▸ **INSTRUCTIONS TO FOLLOW**
All lines in the data bearing the string "intro" should be identified and copied.

[Collected data entries]
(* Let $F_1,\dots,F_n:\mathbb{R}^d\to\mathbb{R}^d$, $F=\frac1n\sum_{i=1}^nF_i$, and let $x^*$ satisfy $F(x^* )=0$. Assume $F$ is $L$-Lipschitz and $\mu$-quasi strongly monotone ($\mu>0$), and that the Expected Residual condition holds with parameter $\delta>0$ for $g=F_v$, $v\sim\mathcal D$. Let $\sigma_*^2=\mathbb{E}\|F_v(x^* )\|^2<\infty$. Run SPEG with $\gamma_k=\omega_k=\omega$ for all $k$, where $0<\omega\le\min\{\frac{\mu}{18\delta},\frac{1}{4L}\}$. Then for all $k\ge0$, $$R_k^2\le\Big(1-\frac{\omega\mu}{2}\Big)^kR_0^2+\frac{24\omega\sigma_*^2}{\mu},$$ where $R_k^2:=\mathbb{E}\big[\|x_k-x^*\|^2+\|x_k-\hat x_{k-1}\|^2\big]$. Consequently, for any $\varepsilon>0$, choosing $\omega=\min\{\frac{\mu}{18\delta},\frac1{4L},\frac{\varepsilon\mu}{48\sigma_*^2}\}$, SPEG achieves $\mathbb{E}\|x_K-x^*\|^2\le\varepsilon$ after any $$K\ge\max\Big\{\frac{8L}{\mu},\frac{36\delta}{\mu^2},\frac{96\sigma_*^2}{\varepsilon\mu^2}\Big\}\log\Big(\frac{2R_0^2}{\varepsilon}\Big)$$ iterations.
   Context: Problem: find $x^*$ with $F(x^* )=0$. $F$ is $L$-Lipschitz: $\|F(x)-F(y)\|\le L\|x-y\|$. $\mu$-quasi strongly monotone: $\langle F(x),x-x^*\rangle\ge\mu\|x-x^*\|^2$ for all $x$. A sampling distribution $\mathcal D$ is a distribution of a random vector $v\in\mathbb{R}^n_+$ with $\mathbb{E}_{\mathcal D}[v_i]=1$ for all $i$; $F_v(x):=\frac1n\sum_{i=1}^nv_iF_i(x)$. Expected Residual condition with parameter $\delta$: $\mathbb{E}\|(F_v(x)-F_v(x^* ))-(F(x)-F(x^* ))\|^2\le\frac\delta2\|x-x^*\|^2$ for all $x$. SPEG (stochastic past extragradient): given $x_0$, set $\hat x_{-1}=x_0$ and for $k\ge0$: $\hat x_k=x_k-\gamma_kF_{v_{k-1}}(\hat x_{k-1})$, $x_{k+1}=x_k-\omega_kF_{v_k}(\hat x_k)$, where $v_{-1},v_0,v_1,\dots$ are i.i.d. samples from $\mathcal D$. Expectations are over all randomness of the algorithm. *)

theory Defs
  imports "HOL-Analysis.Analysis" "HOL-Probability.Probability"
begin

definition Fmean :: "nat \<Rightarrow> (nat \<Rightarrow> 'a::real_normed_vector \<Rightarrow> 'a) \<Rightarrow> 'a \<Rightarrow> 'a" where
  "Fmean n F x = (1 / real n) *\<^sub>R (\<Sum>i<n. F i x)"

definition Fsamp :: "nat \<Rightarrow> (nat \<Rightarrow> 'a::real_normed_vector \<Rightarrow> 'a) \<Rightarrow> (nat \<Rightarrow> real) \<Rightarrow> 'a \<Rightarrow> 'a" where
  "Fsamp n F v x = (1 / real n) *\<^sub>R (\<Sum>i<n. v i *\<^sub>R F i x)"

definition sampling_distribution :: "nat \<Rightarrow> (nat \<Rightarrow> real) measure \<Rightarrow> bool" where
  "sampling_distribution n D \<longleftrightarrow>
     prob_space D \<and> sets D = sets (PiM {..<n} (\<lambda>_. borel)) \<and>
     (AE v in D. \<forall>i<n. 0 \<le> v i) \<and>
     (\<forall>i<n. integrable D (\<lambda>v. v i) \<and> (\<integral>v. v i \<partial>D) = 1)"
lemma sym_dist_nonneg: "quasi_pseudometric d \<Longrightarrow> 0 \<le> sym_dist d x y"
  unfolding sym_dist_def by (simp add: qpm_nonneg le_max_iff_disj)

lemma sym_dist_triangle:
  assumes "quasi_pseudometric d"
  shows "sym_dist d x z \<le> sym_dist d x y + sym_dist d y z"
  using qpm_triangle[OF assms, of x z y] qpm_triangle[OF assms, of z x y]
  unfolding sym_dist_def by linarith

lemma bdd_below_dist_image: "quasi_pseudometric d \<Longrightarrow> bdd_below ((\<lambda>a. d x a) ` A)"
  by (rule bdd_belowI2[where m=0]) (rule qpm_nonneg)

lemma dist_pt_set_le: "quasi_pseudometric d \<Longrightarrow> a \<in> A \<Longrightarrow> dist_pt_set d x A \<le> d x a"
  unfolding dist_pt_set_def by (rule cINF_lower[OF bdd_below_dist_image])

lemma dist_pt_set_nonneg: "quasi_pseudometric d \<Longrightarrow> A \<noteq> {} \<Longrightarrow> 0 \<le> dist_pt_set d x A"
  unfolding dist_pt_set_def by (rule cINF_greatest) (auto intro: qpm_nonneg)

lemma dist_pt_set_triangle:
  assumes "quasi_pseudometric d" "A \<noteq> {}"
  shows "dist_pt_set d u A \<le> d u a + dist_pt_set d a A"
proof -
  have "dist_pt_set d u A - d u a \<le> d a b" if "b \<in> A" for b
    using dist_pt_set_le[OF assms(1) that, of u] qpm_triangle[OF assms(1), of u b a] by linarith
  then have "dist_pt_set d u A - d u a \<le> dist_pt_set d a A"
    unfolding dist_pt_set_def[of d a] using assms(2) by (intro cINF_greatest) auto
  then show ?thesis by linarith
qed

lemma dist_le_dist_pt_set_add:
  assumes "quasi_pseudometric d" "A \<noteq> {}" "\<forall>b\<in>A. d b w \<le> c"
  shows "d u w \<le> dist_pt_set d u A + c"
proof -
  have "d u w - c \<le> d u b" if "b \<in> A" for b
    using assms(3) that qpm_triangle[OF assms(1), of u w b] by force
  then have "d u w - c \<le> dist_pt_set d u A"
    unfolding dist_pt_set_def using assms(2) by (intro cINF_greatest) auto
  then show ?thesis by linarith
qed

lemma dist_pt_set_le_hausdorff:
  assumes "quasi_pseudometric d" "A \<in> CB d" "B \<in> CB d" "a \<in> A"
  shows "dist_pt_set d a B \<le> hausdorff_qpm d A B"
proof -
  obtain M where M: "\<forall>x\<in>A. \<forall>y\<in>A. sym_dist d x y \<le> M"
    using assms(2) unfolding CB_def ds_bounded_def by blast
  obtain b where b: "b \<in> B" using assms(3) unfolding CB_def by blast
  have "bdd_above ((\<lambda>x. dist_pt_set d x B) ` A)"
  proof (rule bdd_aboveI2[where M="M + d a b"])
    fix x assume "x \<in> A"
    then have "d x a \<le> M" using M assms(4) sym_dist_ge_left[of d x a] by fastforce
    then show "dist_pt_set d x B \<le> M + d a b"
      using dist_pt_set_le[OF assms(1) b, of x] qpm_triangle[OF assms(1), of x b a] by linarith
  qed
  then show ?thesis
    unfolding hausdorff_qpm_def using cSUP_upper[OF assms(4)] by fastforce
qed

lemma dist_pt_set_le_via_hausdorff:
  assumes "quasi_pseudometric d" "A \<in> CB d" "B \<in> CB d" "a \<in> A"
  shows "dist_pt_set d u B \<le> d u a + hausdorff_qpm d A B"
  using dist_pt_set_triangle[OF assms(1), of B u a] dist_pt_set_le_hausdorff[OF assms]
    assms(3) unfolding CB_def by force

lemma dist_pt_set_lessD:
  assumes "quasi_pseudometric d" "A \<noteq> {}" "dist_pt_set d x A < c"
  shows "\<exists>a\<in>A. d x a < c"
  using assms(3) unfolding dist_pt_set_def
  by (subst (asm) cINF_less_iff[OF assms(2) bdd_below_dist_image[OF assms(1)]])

▸ **OUTPUT FOR THIS EXERCISE**
  unfolding dist_pt_set_def by (rule cINF_greatest) (auto intro: qpm_nonneg)
    unfolding dist_pt_set_def[of d a] using assms(2) by (intro cINF_greatest) auto
    unfolding dist_pt_set_def using assms(2) by (intro cINF_greatest) auto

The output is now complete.